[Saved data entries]
──────────
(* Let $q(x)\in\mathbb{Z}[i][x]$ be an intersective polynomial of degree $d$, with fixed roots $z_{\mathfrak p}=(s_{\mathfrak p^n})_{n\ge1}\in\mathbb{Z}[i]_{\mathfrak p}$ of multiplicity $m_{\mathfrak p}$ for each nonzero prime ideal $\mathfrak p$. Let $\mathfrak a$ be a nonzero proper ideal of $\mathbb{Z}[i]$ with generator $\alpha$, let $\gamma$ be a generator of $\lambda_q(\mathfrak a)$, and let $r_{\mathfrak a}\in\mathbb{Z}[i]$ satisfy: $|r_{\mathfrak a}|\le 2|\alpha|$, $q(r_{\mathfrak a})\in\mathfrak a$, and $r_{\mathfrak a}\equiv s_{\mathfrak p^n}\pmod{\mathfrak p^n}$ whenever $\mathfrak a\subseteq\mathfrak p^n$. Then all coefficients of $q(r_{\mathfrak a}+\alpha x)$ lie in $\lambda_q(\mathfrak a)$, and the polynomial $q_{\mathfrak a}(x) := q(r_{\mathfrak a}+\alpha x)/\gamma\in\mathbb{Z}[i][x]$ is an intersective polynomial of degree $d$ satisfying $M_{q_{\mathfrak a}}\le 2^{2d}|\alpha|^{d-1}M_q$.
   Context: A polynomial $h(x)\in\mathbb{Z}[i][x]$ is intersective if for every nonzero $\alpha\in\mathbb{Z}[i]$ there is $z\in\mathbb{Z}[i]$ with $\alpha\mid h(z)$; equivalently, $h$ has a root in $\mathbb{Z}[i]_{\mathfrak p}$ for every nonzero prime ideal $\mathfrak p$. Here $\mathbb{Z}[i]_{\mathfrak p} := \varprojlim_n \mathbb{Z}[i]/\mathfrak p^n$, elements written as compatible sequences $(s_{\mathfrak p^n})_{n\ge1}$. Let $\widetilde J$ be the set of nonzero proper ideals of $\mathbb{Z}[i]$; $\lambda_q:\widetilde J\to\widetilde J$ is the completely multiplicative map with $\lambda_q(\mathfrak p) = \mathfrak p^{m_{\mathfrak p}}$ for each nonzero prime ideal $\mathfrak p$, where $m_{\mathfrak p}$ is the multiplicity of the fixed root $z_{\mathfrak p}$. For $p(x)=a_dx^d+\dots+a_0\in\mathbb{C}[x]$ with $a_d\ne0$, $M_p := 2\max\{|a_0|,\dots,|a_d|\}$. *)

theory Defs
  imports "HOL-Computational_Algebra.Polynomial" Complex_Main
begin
──────────
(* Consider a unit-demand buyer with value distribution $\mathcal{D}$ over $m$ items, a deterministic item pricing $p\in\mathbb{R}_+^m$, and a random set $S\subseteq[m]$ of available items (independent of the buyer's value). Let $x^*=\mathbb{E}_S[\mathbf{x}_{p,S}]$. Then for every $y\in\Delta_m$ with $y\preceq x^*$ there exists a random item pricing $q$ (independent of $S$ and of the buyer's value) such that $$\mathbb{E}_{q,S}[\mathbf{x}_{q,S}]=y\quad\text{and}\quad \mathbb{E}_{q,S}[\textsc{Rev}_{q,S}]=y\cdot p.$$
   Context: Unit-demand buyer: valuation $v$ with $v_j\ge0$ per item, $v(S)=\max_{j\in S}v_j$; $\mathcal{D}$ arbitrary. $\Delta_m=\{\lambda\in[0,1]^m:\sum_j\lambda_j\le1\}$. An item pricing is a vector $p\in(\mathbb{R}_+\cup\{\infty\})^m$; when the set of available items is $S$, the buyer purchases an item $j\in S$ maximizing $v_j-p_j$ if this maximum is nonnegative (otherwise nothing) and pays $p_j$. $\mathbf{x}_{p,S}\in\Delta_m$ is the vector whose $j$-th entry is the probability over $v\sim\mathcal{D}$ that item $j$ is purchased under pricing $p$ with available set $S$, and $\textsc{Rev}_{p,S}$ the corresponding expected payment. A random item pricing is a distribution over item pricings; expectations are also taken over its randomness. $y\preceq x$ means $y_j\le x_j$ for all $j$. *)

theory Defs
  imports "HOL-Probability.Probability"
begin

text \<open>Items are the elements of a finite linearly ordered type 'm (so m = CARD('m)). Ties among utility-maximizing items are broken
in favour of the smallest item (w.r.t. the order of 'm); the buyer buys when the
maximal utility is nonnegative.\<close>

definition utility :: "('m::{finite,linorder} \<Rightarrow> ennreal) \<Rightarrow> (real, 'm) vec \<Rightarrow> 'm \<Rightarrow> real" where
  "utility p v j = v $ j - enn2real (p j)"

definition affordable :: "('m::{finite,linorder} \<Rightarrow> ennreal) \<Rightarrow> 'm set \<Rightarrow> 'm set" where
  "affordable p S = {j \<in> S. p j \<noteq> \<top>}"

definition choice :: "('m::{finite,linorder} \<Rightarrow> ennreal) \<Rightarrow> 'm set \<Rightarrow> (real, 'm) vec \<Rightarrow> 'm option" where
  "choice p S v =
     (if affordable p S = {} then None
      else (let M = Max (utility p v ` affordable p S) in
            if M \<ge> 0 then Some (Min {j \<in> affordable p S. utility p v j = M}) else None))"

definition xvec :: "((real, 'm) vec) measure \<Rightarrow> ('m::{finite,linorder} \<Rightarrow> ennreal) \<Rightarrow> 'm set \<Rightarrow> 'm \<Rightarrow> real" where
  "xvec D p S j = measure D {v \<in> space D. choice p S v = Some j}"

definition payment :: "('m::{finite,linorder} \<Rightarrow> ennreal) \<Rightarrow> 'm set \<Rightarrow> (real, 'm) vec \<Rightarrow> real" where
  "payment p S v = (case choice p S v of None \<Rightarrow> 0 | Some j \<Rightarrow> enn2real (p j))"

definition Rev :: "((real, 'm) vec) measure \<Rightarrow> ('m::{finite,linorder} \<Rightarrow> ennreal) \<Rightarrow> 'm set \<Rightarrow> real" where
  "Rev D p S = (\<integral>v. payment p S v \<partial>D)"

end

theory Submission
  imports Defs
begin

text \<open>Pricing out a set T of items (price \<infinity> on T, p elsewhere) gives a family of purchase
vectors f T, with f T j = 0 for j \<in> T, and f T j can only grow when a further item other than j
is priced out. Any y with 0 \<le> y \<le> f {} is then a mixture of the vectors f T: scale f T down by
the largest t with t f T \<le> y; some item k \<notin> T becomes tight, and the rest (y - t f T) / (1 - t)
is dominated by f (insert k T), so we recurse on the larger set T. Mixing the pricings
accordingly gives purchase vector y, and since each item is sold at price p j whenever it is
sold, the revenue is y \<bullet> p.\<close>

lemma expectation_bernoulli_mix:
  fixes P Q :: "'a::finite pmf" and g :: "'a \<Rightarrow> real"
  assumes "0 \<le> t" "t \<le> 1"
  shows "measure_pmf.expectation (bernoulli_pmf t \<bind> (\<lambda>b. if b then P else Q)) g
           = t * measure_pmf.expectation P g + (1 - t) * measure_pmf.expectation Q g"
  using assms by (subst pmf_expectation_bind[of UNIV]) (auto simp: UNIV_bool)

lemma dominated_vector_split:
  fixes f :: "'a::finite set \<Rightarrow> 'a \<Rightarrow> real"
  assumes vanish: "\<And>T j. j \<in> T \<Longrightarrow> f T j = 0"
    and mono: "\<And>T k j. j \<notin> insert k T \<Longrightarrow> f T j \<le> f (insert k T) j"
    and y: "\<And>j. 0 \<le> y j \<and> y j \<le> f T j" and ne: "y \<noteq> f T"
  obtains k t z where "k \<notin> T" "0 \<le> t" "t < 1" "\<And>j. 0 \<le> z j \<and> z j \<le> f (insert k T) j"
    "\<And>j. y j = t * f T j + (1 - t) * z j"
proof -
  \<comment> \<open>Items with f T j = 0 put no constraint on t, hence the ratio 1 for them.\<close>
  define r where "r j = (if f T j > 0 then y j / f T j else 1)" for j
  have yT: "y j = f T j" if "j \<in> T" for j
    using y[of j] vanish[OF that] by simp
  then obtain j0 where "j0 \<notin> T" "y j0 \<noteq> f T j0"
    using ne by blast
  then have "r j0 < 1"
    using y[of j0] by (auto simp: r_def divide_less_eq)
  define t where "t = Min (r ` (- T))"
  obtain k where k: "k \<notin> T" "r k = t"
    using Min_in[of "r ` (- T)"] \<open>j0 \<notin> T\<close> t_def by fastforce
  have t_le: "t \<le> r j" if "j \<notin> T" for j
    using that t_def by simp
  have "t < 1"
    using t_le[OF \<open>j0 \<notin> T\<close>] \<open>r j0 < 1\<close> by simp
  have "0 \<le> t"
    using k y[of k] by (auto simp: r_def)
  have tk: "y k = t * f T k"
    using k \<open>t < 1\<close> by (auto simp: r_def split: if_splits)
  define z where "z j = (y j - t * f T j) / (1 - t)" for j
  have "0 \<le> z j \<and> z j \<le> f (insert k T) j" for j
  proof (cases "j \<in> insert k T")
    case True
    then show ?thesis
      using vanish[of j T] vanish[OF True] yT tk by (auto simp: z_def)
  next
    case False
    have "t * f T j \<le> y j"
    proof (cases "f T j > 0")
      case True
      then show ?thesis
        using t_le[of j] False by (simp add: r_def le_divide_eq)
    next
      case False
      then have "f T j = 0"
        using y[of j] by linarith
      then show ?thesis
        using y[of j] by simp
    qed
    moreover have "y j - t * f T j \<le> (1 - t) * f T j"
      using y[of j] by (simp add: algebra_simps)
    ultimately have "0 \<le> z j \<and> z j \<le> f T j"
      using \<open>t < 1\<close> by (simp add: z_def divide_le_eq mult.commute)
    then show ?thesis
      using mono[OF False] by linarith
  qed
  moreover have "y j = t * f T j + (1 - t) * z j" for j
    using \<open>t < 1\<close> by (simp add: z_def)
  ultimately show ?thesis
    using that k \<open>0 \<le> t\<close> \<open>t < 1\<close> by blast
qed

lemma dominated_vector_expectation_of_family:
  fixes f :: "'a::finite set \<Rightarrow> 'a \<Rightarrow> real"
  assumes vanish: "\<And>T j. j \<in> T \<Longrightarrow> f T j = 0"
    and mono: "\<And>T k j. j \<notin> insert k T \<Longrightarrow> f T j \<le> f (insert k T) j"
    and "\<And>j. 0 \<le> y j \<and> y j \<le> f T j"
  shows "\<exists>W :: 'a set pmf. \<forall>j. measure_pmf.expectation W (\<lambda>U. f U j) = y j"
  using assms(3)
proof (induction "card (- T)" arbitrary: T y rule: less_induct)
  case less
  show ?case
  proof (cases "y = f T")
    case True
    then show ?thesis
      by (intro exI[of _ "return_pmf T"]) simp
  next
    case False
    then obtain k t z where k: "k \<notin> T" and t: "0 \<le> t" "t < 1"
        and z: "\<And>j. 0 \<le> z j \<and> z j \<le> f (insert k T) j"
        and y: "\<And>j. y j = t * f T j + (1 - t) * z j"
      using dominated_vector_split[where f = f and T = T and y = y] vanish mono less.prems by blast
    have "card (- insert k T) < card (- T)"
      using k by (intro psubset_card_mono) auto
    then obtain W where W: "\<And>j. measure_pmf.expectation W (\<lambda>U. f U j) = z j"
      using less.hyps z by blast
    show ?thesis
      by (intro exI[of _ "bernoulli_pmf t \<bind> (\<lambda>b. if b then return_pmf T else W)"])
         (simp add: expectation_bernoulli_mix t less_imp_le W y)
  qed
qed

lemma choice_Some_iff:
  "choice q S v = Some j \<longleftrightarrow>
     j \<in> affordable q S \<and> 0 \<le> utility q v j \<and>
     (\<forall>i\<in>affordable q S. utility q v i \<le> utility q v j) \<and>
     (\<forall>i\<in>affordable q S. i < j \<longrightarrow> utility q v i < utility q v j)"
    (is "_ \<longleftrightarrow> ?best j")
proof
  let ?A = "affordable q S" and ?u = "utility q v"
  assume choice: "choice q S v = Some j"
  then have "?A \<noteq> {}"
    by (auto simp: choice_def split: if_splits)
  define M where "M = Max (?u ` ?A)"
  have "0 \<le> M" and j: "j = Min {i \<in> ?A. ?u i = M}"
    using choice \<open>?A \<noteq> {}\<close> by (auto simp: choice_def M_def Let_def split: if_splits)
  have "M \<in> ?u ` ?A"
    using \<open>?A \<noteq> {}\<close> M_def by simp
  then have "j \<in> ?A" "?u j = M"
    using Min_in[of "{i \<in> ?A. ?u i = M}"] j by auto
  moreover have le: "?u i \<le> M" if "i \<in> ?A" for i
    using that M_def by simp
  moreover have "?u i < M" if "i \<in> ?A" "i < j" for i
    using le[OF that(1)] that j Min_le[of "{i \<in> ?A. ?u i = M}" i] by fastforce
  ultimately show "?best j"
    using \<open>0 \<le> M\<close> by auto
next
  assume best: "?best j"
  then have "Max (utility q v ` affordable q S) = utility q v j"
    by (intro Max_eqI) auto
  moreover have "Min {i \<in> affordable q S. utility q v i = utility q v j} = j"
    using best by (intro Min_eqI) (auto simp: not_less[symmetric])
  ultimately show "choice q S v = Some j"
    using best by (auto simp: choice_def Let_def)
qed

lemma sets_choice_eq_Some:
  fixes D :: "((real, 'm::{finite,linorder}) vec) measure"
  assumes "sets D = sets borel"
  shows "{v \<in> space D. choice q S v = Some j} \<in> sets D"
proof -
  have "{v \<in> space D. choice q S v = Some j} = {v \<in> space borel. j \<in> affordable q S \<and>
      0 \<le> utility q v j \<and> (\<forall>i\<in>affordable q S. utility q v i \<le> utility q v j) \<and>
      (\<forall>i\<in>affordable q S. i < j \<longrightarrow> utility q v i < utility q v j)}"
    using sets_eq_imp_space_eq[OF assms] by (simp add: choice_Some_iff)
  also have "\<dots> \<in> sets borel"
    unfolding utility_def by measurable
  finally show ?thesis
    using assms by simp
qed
──────────
### Instructions to follow
Using the data above, repeat exactly the lines that begin at the line with "ultimately show ?thesis" and end at the line with "j \<in> affordable q S \<and> 0", both ends included.

### Answer box
  ultimately show ?thesis
    using that k \<open>0 \<le> t\<close> \<open>t < 1\<close> by blast
qed

lemma dominated_vector_expectation_of_family:
  fixes f :: "'a::finite set \<Rightarrow> 'a \<Rightarrow> real"
  assumes vanish: "\<And>T j. j \<in> T \<Longrightarrow> f T j = 0"
    and mono: "\<And>T k j. j \<notin> insert k T \<Longrightarrow> f T j \<le> f (insert k T) j"
    and "\<And>j. 0 \<le> y j \<and> y j \<le> f T j"
  shows "\<exists>W :: 'a set pmf. \<forall>j. measure_pmf.expectation W (\<lambda>U. f U j) = y j"
  using assms(3)
proof (induction "card (- T)" arbitrary: T y rule: less_induct)
  case less
  show ?case
  proof (cases "y = f T")
    case True
    then show ?thesis
      by (intro exI[of _ "return_pmf T"]) simp
  next
    case False
    then obtain k t z where k: "k \<notin> T" and t: "0 \<le> t" "t < 1"
        and z: "\<And>j. 0 \<le> z j \<and> z j \<le> f (insert k T) j"
        and y: "\<And>j. y j = t * f T j + (1 - t) * z j"
      using dominated_vector_split[where f = f and T = T and y = y] vanish mono less.prems by blast
    have "card (- insert k T) < card (- T)"
      using k by (intro psubset_card_mono) auto
    then obtain W where W: "\<And>j. measure_pmf.expectation W (\<lambda>U. f U j) = z j"
      using less.hyps z by blast
    show ?thesis
      by (intro exI[of _ "bernoulli_pmf t \<bind> (\<lambda>b. if b then return_pmf T else W)"])
         (simp add: expectation_bernoulli_mix t less_imp_le W y)
  qed
qed

lemma choice_Some_iff:
  "choice q S v = Some j \<longleftrightarrow>
     j \<in> affordable q S \<and> 0 \<le> utility q v j \<and>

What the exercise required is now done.